3. Sort the array. For repeated numbers, print the original form. O(nlogn).
Can it be done in more simpler way: O(n * 2)
Read all words in array 'inputWords'
for i = 0 to inputWords.length {
for j = 0 to inputWords.length {
if(i == j || inputWords[i].length != inputWords[j].length)
continue;
String lhs = inputWordsp[i];
String rhs = inputWordsp[j];
// Fetch each character of lhs, search the first occurence
// and replace it with blank
// When all characters of lhs are exhausted, if rhs is blank
// then lhs and rhs are anagrams.
}
}
There are some improvements that can be made.. like conversion between stringstream to string once etc..
string finddups(string in){
string out="";
map<string,string> sign,matches;
if(in.size()==0)
return out;
stringstream ss(in);
string word;
while(ss >> word){
string sorted(word);
sort(sorted.begin(),sorted.end());
if(sign.find(sorted) != sign.end())
matches.insert(pair<string,string>(sorted,word));
else
sign.insert(pair<string,string>(sorted,word));
}
if(matches.size()==0)
return out;
word="";
stringstream ss1(in);
while(ss1 >> word){
string sorted(word);
sort(sorted.begin(),sorted.end());
if(matches.find(sorted) != matches.end())
out +=word +" ";
}
return out;
}
The idea is to use two hashes(kind of expensive but in interview this is straight forward to code) one- 'sign' to hold the sortedorder -> word. Another checks with the sortedorder hash and if present inserts into 'match' hash. Now again iterate over the string and if the sorted order of that string is present in match spit it out.
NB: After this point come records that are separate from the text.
(* Let $G$ be the subgroup of $\mathrm{PSL}_2(\mathbb{Z})$ freely generated by $S_0$, $S_1$ (of order $2$) and $R_2$ (of order $3$) as in the context, with characters $\alpha_0$, $\chi$. Up to isomorphism of representations, the nonsplit indecomposable rank $2$ representations $\rho$ of $G$ containing a copy of the trivial representation (i.e. nonsplit extensions $0\to1\to\rho\to\phi\to0$ of a character $\phi$ by the trivial character) are exactly the following: (1) a single extension $0\to1\to\rho\to\chi^3\to0$, given by $\rho(S_0)=\begin{pmatrix}1&1\\0&-1\end{pmatrix}$, $\rho(S_1)=\begin{pmatrix}1&0\\0&-1\end{pmatrix}$, $\rho(R_2)=\begin{pmatrix}1&0\\0&1\end{pmatrix}$; (2) for each $a\in\{1,5\}$, an infinite family of pairwise nonisomorphic representations parameterized by $\mathbb{P}^1$, arising from extensions $0\to1\to\rho\to\chi^{-a}\to0$, given for $z\in\mathbb{C}$ by $\rho(S_0)=\begin{pmatrix}1&1\\0&-1\end{pmatrix}$, $\rho(S_1)=\begin{pmatrix}1&z\\0&-1\end{pmatrix}$, $\rho(R_2)=\begin{pmatrix}1&0\\0&\zeta^a\end{pmatrix}$, and for $z=\infty$ by $\rho(S_0)=\begin{pmatrix}1&0\\0&-1\end{pmatrix}$, $\rho(S_1)=\begin{pmatrix}1&1\\0&-1\end{pmatrix}$, $\rho(R_2)=\begin{pmatrix}1&0\\0&\zeta^a\end{pmatrix}$; (3) for each $a\in\{2,4\}$, one extension $0\to1\to\rho\to\alpha_0\chi^{-a}\to0$, given by $\rho(S_0)=\begin{pmatrix}1&1\\0&-1\end{pmatrix}$, $\rho(S_1)=\begin{pmatrix}1&0\\0&1\end{pmatrix}$, $\rho(R_2)=\begin{pmatrix}1&0\\0&\zeta^a\end{pmatrix}$; (4) for each $a\in\{1,5\}$, one extension $0\to1\to\rho\to\alpha_0\chi^{-a}\to0$, given by $\rho(S_0)=\begin{pmatrix}1&0\\0&1\end{pmatrix}$, $\rho(S_1)=\begin{pmatrix}1&1\\0&-1\end{pmatrix}$, $\rho(R_2)=\begin{pmatrix}1&0\\0&\zeta^a\end{pmatrix}$.
   Context: Let $T=\begin{pmatrix}1&1\\0&1\end{pmatrix}$, $S=\begin{pmatrix}0&-1\\1&0\end{pmatrix}$, $R=ST$ in $\mathrm{PSL}_2(\mathbb{Z})$, and $\zeta=e^{2\pi i/3}$. $G$ is the index-$4$ subgroup of $\mathrm{PSL}_2(\mathbb{Z})$ generated by the principal congruence subgroup $\Gamma(4)$ together with $S$ and $\begin{pmatrix}1&1\\1&2\end{pmatrix}$; it is freely generated by $S_0=S$, $S_1=T^3ST^{-3}$ and $R_2=T^2RT^{-2}=T^2ST^{-1}$, with $S_0^2=S_1^2=R_2^3=1$. Characters of $G$: $\alpha_0(S_0)=-1$, $\alpha_0(S_1)=\alpha_0(R_2)=1$; $\alpha_1(S_1)=-1$, $\alpha_1(S_0)=\alpha_1(R_2)=1$; $\alpha_2(R_2)=\zeta$, $\alpha_2(S_0)=\alpha_2(S_1)=1$. $\chi$ is the restriction to $G$ of the character of $\mathrm{PSL}_2(\mathbb{Z})$ with $\chi(T)=e^{2\pi i/6}$ (so $\chi(S)=-1$, $\chi(R)=\zeta^2$); on $G$, $\chi=\alpha_0\alpha_1\alpha_2^2$. $1$ denotes the trivial character. Matrices are written in a basis whose first vector spans the trivial subrepresentation. *)

theory Defs
  imports "HOL-Analysis.Analysis"
begin

text \<open>2x2 complex matrices acting on column vectors in complex^2.
  Row index first: X $ i $ j is the (i,j) entry.\<close>
type_synonym cmat = "complex^2^2"

definition mat2 :: "complex \<Rightarrow> complex \<Rightarrow> complex \<Rightarrow> complex \<Rightarrow> cmat" where
  "mat2 a b c d = (\<chi> i j. if i = 1 then (if j = 1 then a else b) else (if j = 1 then c else d))"

definition zeta :: complex where "zeta = cis (2 * pi / 3)"

text \<open>G is freely generated by S0, S1 (order 2) and R2 (order 3), i.e. it is the free
  product Z/2 * Z/2 * Z/3.  By the universal property, a rank 2 complex representation
  of G is the same as a triple (rho(S0), rho(S1), rho(R2)) of 2x2 complex matrices
  satisfying the defining relations.\<close>
type_synonym rep = "cmat \<times> cmat \<times> cmat"

definition is_rep :: "rep \<Rightarrow> bool" where
  "is_rep \<rho> = (case \<rho> of (A, B, C) \<Rightarrow>
      A ** A = mat 1 \<and> B ** B = mat 1 \<and> C ** C ** C = mat 1)"

definition iso_rep :: "rep \<Rightarrow> rep \<Rightarrow> bool" where
  "iso_rep \<rho> \<sigma> = (case \<rho> of (A, B, C) \<Rightarrow> case \<sigma> of (A', B', C') \<Rightarrow>
      (\<exists>P :: cmat. invertible P \<and> P ** A = A' ** P \<and> P ** B = B' ** P \<and> P ** C = C' ** P))"

definition has_trivial_sub :: "rep \<Rightarrow> bool" where
  "has_trivial_sub \<rho> = (case \<rho> of (A, B, C) \<Rightarrow>
      (\<exists>v :: complex^2. v \<noteq> 0 \<and> A *v v = v \<and> B *v v = v \<and> C *v v = v))"

definition is_diag :: "cmat \<Rightarrow> bool" where
  "is_diag X = (X $ 1 $ 2 = 0 \<and> X $ 2 $ 1 = 0)"

text \<open>rho (of rank 2) is decomposable: it is the direct sum of two one-dimensional
  subrepresentations, i.e. in some basis all generators act diagonally.\<close>
definition decomposable :: "rep \<Rightarrow> bool" where
  "decomposable \<rho> = (case \<rho> of (A, B, C) \<Rightarrow>
      (\<exists>P :: cmat. invertible P \<and> is_diag (matrix_inv P ** A ** P)
         \<and> is_diag (matrix_inv P ** B ** P) \<and> is_diag (matrix_inv P ** C ** P)))"

definition nonsplit_ext_of_trivial :: "rep \<Rightarrow> bool" where
  "nonsplit_ext_of_trivial \<rho> = (is_rep \<rho> \<and> has_trivial_sub \<rho> \<and> \<not> decomposable \<rho>)"
lemma orthonormal_family_tensor_vec:
  assumes "orthonormal_family v" "orthonormal_family w"
  shows "orthonormal_family (\<lambda>p. tensor_vec (v (fst p)) (w (snd p)))"
  using assms unfolding orthonormal_family_def by (auto simp: cinner_tensor_vec prod_eq_iff)

lemma eigen_decomp_kron:
  assumes "eigen_decomp A v l" "eigen_decomp B w m"
  shows "eigen_decomp (kron A B) (\<lambda>p. tensor_vec (v (fst p)) (w (snd p))) (\<lambda>p. l (fst p) * m (snd p))"
  using assms orthonormal_family_tensor_vec[of v w] unfolding eigen_decomp_def
  by (auto simp: kron_mult_tensor_vec tensor_vec_smult_left tensor_vec_smult_right
      vector_smult_assoc mult.commute)

lemma eigen_decomp_kron_sum:
  assumes "eigen_decomp A v l" "eigen_decomp B w m"
  shows "eigen_decomp (kron A (mat 1) + kron (mat 1) B) (\<lambda>p. tensor_vec (v (fst p)) (w (snd p)))
    (\<lambda>p. l (fst p) + m (snd p))"
  using assms orthonormal_family_tensor_vec[of v w] unfolding eigen_decomp_def
  by (auto simp: matrix_vector_mult_add_rdistrib kron_mult_tensor_vec tensor_vec_smult_left
      tensor_vec_smult_right vector_sadd_rdistrib)

lemma trace_kron: "trace (kron A B) = trace A * trace B"
  by (simp add: trace_def kron_def sum_UNIV_prod sum_product)

lemma trace_mult_kron_id: "trace (R ** kron A (mat 1)) = trace (A ** ptrace_B R)"
proof -
  have "trace (R ** kron A (mat 1)) = (\<Sum>a\<in>UNIV. \<Sum>k\<in>UNIV. \<Sum>b\<in>UNIV. R $ (a, k) $ (b, k) * A $ b $ a)"
    by (simp add: trace_def matrix_matrix_mult_def kron_def sum_UNIV_prod mat_def if_distrib
        if_distribR sum.delta cong: if_cong)
  also have "\<dots> = (\<Sum>a\<in>UNIV. \<Sum>b\<in>UNIV. \<Sum>k\<in>UNIV. R $ (a, k) $ (b, k) * A $ b $ a)"
    by (intro sum.cong refl) (rule sum.swap)
  also have "\<dots> = trace (A ** ptrace_B R)"
    by (simp add: trace_def matrix_matrix_mult_def ptrace_B_def sum_distrib_left sum_distrib_right
        ac_simps) (rule sum.swap)
  finally show ?thesis .
qed

section \<open>Gibbs states\<close>

lemma partition_fn_eq_sum:
  assumes "eigen_decomp H v l"
  shows "partition_fn \<beta> H = (\<Sum>i\<in>UNIV. exp (- \<beta> * l i))"
  using assms unfolding partition_fn_def mat_exp_scaleR_eq_spectral_op[OF assms]
  by (simp add: trace_spectral_op eigen_decomp_def)

lemma partition_fn_pos: "hermitian H \<Longrightarrow> partition_fn \<beta> H > 0"
proof -
  assume "hermitian H"
  then obtain v l where "eigen_decomp H v l"
    by (rule hermitian_eigen_decomp_exists)
  then show ?thesis
    by (simp add: partition_fn_eq_sum sum_pos)
qed

lemma eigen_decomp_gibbs:
  assumes "eigen_decomp H v l"
  shows "eigen_decomp (gibbs \<beta> H) v (\<lambda>i. exp (- \<beta> * l i) / partition_fn \<beta> H)"
proof -
  have "gibbs \<beta> H = spectral_op (\<lambda>i. exp (- \<beta> * l i) / partition_fn \<beta> H) v"
    unfolding gibbs_def mat_exp_scaleR_eq_spectral_op[OF assms]
    by (simp add: spectral_op_def scaleR_sum_right)
  moreover have "orthonormal_family v"
    using assms by (simp add: eigen_decomp_def)
  ultimately show ?thesis
    by (simp only: eigen_decomp_spectral_op)
qed
(* In the $q$-Onsager algebra $\mathcal O$, the elements $\xi_1=XY-YX$ and $\xi_2=X^2Y^2-Y^2X^2+(q^2+q^{-2})(YXYX-XYXY)$ commute if and only if $q^6\neq 1$.
   Context: Let $\mathbb F$ be a field and fix a nonzero $q\in\mathbb F$ with $q^4\neq 1$. Let $[3]_q=q^2+1+q^{-2}$. The $q$-Onsager algebra $\mathcal O$ is the associative $\mathbb F$-algebra with 1 defined by generators $X,Y$ and relations $X^3Y-[3]_q X^2YX+[3]_q XYX^2-YX^3 = -(q^2-q^{-2})^2(XY-YX)$ and $Y^3X-[3]_q Y^2XY+[3]_q YXY^2-XY^3 = -(q^2-q^{-2})^2(YX-XY)$. *)

theory Defs
  imports Main
begin

text \<open>The free associative algebra over a field 'a on generators X, Y:
  elements are finitely supported functions from words to coefficients.\<close>

datatype gen = GX | GY

type_synonym 'a fa = "gen list \<Rightarrow> 'a"

definition fa_fin :: "'a::field fa \<Rightarrow> bool" where
  "fa_fin f \<longleftrightarrow> finite {w. f w \<noteq> 0}"

definition fa_zero :: "'a::field fa" where
  "fa_zero = (\<lambda>w. 0)"

definition fa_add :: "'a::field fa \<Rightarrow> 'a fa \<Rightarrow> 'a fa" where
  "fa_add f g = (\<lambda>w. f w + g w)"

definition fa_sub :: "'a::field fa \<Rightarrow> 'a fa \<Rightarrow> 'a fa" where
  "fa_sub f g = (\<lambda>w. f w - g w)"

definition fa_mul :: "'a::field fa \<Rightarrow> 'a fa \<Rightarrow> 'a fa" where
  "fa_mul f g = (\<lambda>w. \<Sum>(u, v) \<in> {(u, v). u @ v = w}. f u * g v)"

definition lc :: "('a::field \<times> gen list) list \<Rightarrow> 'a fa" where
  "lc ps = (\<lambda>w. sum_list (map (\<lambda>(c, u). if u = w then c else 0) ps))"

inductive_set fa_ideal :: "'a::field fa set \<Rightarrow> 'a fa set" for R where
  gen: "r \<in> R \<Longrightarrow> r \<in> fa_ideal R"
| zero: "fa_zero \<in> fa_ideal R"
| add: "a \<in> fa_ideal R \<Longrightarrow> b \<in> fa_ideal R \<Longrightarrow> fa_add a b \<in> fa_ideal R"
| lmul: "fa_fin b \<Longrightarrow> a \<in> fa_ideal R \<Longrightarrow> fa_mul b a \<in> fa_ideal R"
| rmul: "fa_fin b \<Longrightarrow> a \<in> fa_ideal R \<Longrightarrow> fa_mul a b \<in> fa_ideal R"

definition qint3 :: "'a::field \<Rightarrow> 'a" where
  "qint3 q = q^2 + 1 + inverse (q^2)"
(* QHC is a strongly conservative extension of intuitionistic predicate calculus QH: if $\alpha_1,\dots,\alpha_n,\alpha$ are problems built from atomic problems and $\bot$ using only intuitionistic connectives and quantifiers (no $!$, $?$), and $\alpha_1,\dots,\alpha_n\vdash_{\mathrm{QHC}}\alpha$, then $\alpha_1,\dots,\alpha_n\vdash_{\mathrm{QH}}\alpha$.
   Context: QHC is a two-sorted first-order calculus. Its only terms are individual variables. Every formula is either a problem (denoted by Greek letters $\alpha,\beta,\gamma,\dots$) or a proposition (denoted by Latin letters $p,q,\dots$). Atomic formulas are proposition variables $p(t_1,\dots,t_n)$ (of proposition type), problem variables $\pi(t_1,\dots,t_n)$ (of problem type), and the constants $0$ (a proposition, classical falsity) and $\bot$ (a problem, intuitionistic absurdity). Propositions are closed under the classical connectives $\land,\lor,\to$ and quantifiers $\exists,\forall$; problems are closed under the intuitionistic connectives $\land,\lor,\to$ and quantifiers $\exists,\forall$ (the same symbols are used, distinguished by the type of the arguments). $\neg p$ abbreviates $p\to 0$, $\neg\alpha$ abbreviates $\alpha\to\bot$, and $\leftrightarrow$ is defined as usual. There are two type-conversion operators: if $p$ is a proposition then $!p$ is a problem, and if $\alpha$ is a problem then $?\alpha$ is a proposition. Deductive system of QHC: all axioms and rules of classical predicate logic applied to all propositions; all postulates and rules of intuitionistic predicate logic applied to all problems; the rules $p\,/\,!p$ and $\alpha\,/\,?\alpha$; and the schemas $?!p\to p$; $\alpha\to\, !?\alpha$; $!(p\to q)\to(!p\to !q)$; $?(\alpha\to\beta)\to(?\alpha\to ?\beta)$; $!0\to\bot$; $?(\alpha\land\beta)\leftrightarrow ?\alpha\land ?\beta$; $?(\alpha\lor\beta)\leftrightarrow ?\alpha\lor ?\beta$; $?\bot\to 0$; $?\exists x\,\alpha(x)\leftrightarrow\exists x\,?\alpha(x)$; $?\forall x\,\alpha(x)\to\forall x\,?\alpha(x)$ (usual variable side conditions implicit). $\vdash A$ means $A$ is derivable in QHC; $A\Rightarrow B$ means $\vdash A\to B$ and $A\Leftrightarrow B$ means $\vdash A\leftrightarrow B$ (with $A,B$ of the same type); $A\vdash B$ means $B$ is derivable in QHC from the premise $A$. Notation: $\Box p := ?!p$ (a proposition) and $\nabla\alpha := !?\alpha$ (a problem). QC and QH denote classical and intuitionistic predicate calculus. *)

theory Defs
  imports Main
begin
Idea is based on non-repeated chars from PIE
// Solved this way. Is there a better approach (without STL and other libraries)?
#define INPUT_STR "abc sjhd oahuf iad p pofdf ohdc pod oijsdf cba oidsf dai oif p iodf d oijsdf upls osofs psdf pjscp sfdo psj cpojd sdfop sjiof pncdis adi siojf k psfj o oisjdf e osdjf p ojsdf lkioodf"
template <class T>
void qsort(T *ap_arr, int a_start, int a_end) // Quick sorting algorithm
{
if (a_start < a_end)
{
int i, j, m;
T c;
for (j = a_end, i = a_start, m = 1; i < j; m > 0 ? j-- : i++)
{
if (ap_arr[i] > ap_arr[j])
{
c = ap_arr[i];
ap_arr[i] = ap_arr[j];
ap_arr[j] = c;
m = -m;
}
}
qsort(ap_arr, a_start, i - 1);
qsort(ap_arr, i + 1, a_end);
}
}
struct WordDesc // A struct to remember the found words
{
WordDesc *mp_nextDesc;
unsigned int m_checkSum; // A chack sum of a word
char *mp_start; // Points to the beginning of the word.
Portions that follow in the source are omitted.